The following corollary of the strong regularity lemma is used in the proof of the induced graph removal lemma. For any infinite sequence of constants $\epsilon_0\ge \epsilon_1 \ge ...>0$, there exists $\delta>0$ such that there exists a partition $\mathcal{P}={V_1,...,V_k}$ and subsets $W_i \subset V_i$ for each $i$ where the following properties are satisfied:

- $|W_i|>\delta n$
- $(W_i,W_j)$ is $\epsilon_{|\mathcal{P}|}$-regular for each pair $i,j$
- $|d(W_i,W_j)-d(V_i,V_j)|\le \epsilon_0$ for all but $\epsilon_0 |\mathcal{P}|^2$ pairs $i,j$

The main idea of the proof of this corollary is to start with two partitions $\mathcal{P}$ and $\mathcal{Q}$ that satisfy the Strong Regularity Lemma where $q(\mathcal{Q})<q(\mathcal{P})+\epsilon_0^3/8$. Then for each part $V_i \in \mathcal{P}$, we uniformly at random choose some part $W_i \subset V_i$ that is a part in $\mathcal{Q}$. The expected number of irregular pairs $(W_i,W_j)$ is less than 1. Thus, there exists some collection of $W_i$ such that every pair is $\epsilon_{|\mathcal{P}|}$-regular!

The important aspect of this corollary is that every pair of $W_i,W_j$ is $\epsilon_{|\mathcal{P}|}$-regular!
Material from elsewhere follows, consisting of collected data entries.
lemma ktr_deltaC_minus:
  assumes "1 \<le> j"
  shows "\<forall>\<alpha> \<in> {kone, eps1,
           kmul n (kpow n eps1 (j - 1)) (eps2 n), kmul n (kpow n eps1 j) (eps2 n)}.
           ktr n (kmul n (deltaC n j False) \<alpha>) = 1"
proof -
  define m where "m = 2 * j - 1"
  have "odd m" and idx: "2 * j - 1 = m" and below: "2 * (j - 1) + 1 = m" and above: "2 * j = m + 1"
    using assms unfolding m_def by presburger+
  show ?thesis
    using cassini_lucas_fibonacci_odd[OF \<open>odd m\<close>, where 'a=rat] pp_pos[of n]
    unfolding deltaC_eq idx kpow_eps1_below[OF below] kpow_eps1_above[OF above]
    by (simp add: ktr_eq_fst kmul_def eps1_def eps2_def kone_def Let_def)
      (simp add: field_simps; algebra)
qed

theorem proposition4p3:
  fixes n :: nat
  assumes "squarefree (pp n)" and "squarefree (rr n)"
  shows
   "(\<forall>\<alpha> \<in> {kone, eps1,
        kmul n (kpow n eps1 (6*n+1)) (eps2 n), kmul n (kpow n eps1 (6*n+2)) (eps2 n),
        kmul n (kpow n eps1 (6*n+1)) (eps3 n), kmul n (kpow n eps1 (6*n+2)) (eps3 n),
        kmul n (eps2 n) (eps3 n), kmul n (kmul n eps1 (eps2 n)) (eps3 n),
        kmul n (rho n) (eps2 n), kmul n (kmul n (rho n) eps1) (eps2 n),
        kmul n (gamma n (6*n)) eps1, kmul n (gamma n (6*n)) (kpow n eps1 2),
        kmul n (kmul n (gamma n (6*n+1)) (eps2 n)) (eps3 n),
        kmul n (kmul n (kmul n (gamma n (6*n+1)) eps1) (eps2 n)) (eps3 n)}.
      ktr n (kmul n (deltaA n) \<alpha>) = 1)
  \<and> (\<forall>j. 1 \<le> j \<and> j \<le> 3*n \<longrightarrow>
      (\<forall>\<alpha> \<in> {kone, eps1,
         kmul n (kpow n eps1 (2*j-1)) (eps3 n), kmul n (kpow n eps1 (2*j)) (eps3 n),
         kmul n (gamma n (2*j-2)) eps1, kmul n (gamma n (2*j-2)) (kpow n eps1 2),
         gamma n (2*j), kmul n (gamma n (2*j)) eps1}.
        ktr n (kmul n (deltaB n j True) \<alpha>) = 1))
  \<and> (\<forall>j. 1 \<le> j \<and> j \<le> 3*n \<longrightarrow>
      (\<forall>\<alpha> \<in> {kone, eps1,
         kmul n (kpow n eps1 (2*j-1)) (kinv n (eps3 n)), kmul n (kpow n eps1 (2*j)) (kinv n (eps3 n)),
         gamma n (2*j-1), kmul n (gamma n (2*j-1)) eps1,
         kmul n (gamma n (2*j+1)) (kinv n eps1), gamma n (2*j+1)}.
        ktr n (kmul n (deltaB n j False) \<alpha>) = 1))
  \<and> (\<forall>j. 1 \<le> j \<and> j \<le> 6*n+1 \<longrightarrow>
      (\<forall>\<alpha> \<in> {kinv n eps1, kone,
         kmul n (kpow n (kinv n eps1) j) (eps2 n), kmul n (kpow n (kinv n eps1) (j-1)) (eps2 n)}.
        ktr n (kmul n (deltaC n j True) \<alpha>) = 1))
  \<and> (\<forall>j. 1 \<le> j \<and> j \<le> 6*n+1 \<longrightarrow>
      (\<forall>\<alpha> \<in> {kone, eps1,
         kmul n (kpow n eps1 (j-1)) (eps2 n), kmul n (kpow n eps1 j) (eps2 n)}.
        ktr n (kmul n (deltaC n j False) \<alpha>) = 1))"
  using ktr_deltaA[of n] ktr_deltaB_plus[of _ n] ktr_deltaB_minus[of _ n]
    ktr_deltaC_plus[of _ n] ktr_deltaC_minus[of _ n]
  by blast
theorem theorem5p4:
  fixes z :: "'a::metric_space" and f :: "'a \<Rightarrow> 'a"
    and T :: "(('a \<Rightarrow> real) \<Rightarrow> real) \<Rightarrow> (('a \<Rightarrow> real) \<Rightarrow> real)"
  assumes "complete (UNIV :: 'a set)"
    and "f z = z" and "\<exists>L. L-lipschitz_on UNIV f"
    and "is_lin_hat z f T"
  shows "((\<exists>v. v \<in> span_delta z \<and> v \<in> A_set z T) \<longrightarrow>
           (\<forall>\<mu>\<in>Free z. \<forall>e>0. \<exists>\<nu>\<in>A_set z T. dnorm z (\<lambda>\<phi>. \<nu> \<phi> - \<mu> \<phi>) < e))
       \<and> ((\<exists>\<mu>\<in>Free z. \<exists>r>0. \<forall>\<nu>\<in>Free z. dnorm z (\<lambda>\<phi>. \<nu> \<phi> - \<mu> \<phi>) < r \<longrightarrow> \<nu> \<in> A_set z T) \<longrightarrow>
           (\<forall>\<mu>\<in>Free z. \<forall>e>0. \<exists>\<nu>\<in>A_set z T. dnorm z (\<lambda>\<phi>. \<nu> \<phi> - \<mu> \<phi>) < e))
       \<and> ((\<exists>x. filterlim (\<lambda>n. dist z ((f ^^ n) x)) at_top sequentially) \<longrightarrow>
           (\<forall>\<mu>\<in>Free z. \<forall>e>0. \<exists>\<nu>\<in>A_set z T. dnorm z (\<lambda>\<phi>. \<nu> \<phi> - \<mu> \<phi>) < e))"
proof -
  have dense: "\<forall>\<mu>\<in>Free z. \<forall>e>0. \<exists>\<nu>\<in>A_set z T. dnorm z (\<lambda>\<phi>. \<nu> \<phi> - \<mu> \<phi>) < e"
    if "v \<in> span_delta z" and "v \<in> A_set z T" for v
    using A_set_dense_if_meets_span_delta[OF assms(4) that] by blast
  have interior: "\<exists>v. v \<in> span_delta z \<and> v \<in> A_set z T"
    if "\<mu> \<in> Free z" and "r > 0"
      and "\<forall>\<nu>\<in>Free z. dnorm z (\<lambda>\<phi>. \<nu> \<phi> - \<mu> \<phi>) < r \<longrightarrow> \<nu> \<in> A_set z T" for \<mu> r
    using span_delta_meets_A_set_if_interior[OF that] .
  have escape: "delta z x \<in> A_set z T"
    if "filterlim (\<lambda>n. dist z ((f ^^ n) x)) at_top sequentially" for x
    using delta_in_A_set_if_orbit_escapes[OF assms(4) that] .
  show ?thesis
    using dense interior escape delta_in_span_delta by (intro conjI impI) blast+
qed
This allows us to consider edges and non-edges when we perform our cleaning argument.

====Proof Sketch of the Induced Graph Removal Lemma====

With these results, we are able to prove the induced graph removal lemma. Take any graph $G$ with $n$ vertices that has less than $\delta n^{v(H)}$ copies of $H$. The idea is to start with a collection of vertex sets $W_i$ which satisfy the conditions of the Corollary of the Strong Regularity Lemma. We then can perform a "cleaning" process where we remove all edges between pairs of parts $(W_i,W_j)$ with low density, and we can add all edges between pairs of parts $(W_i,W_j)$ with high density. We choose the density requirements such that we added/deleted at most $\epsilon n^2$ edges.

If the new graph has no copies of $H$, then we are done. Suppose the new graph has a copy of $H$. Suppose the vertex $v_i \in v(H)$ is embedded in $W_{f(i)}$. Then if there is an edge connecting $v_i,v_j$ in $H$, then $W_i,W_j$ does not have low density. (Edges between $W_i,W_j$ were not removed in the cleaning process.) Similarly, if there is not an edge connecting $v_i,v_j$ in $H$, then $W_i,W_j$ does not have high density. (Edges between $W_i,W_j$ were not added in the cleaning process.)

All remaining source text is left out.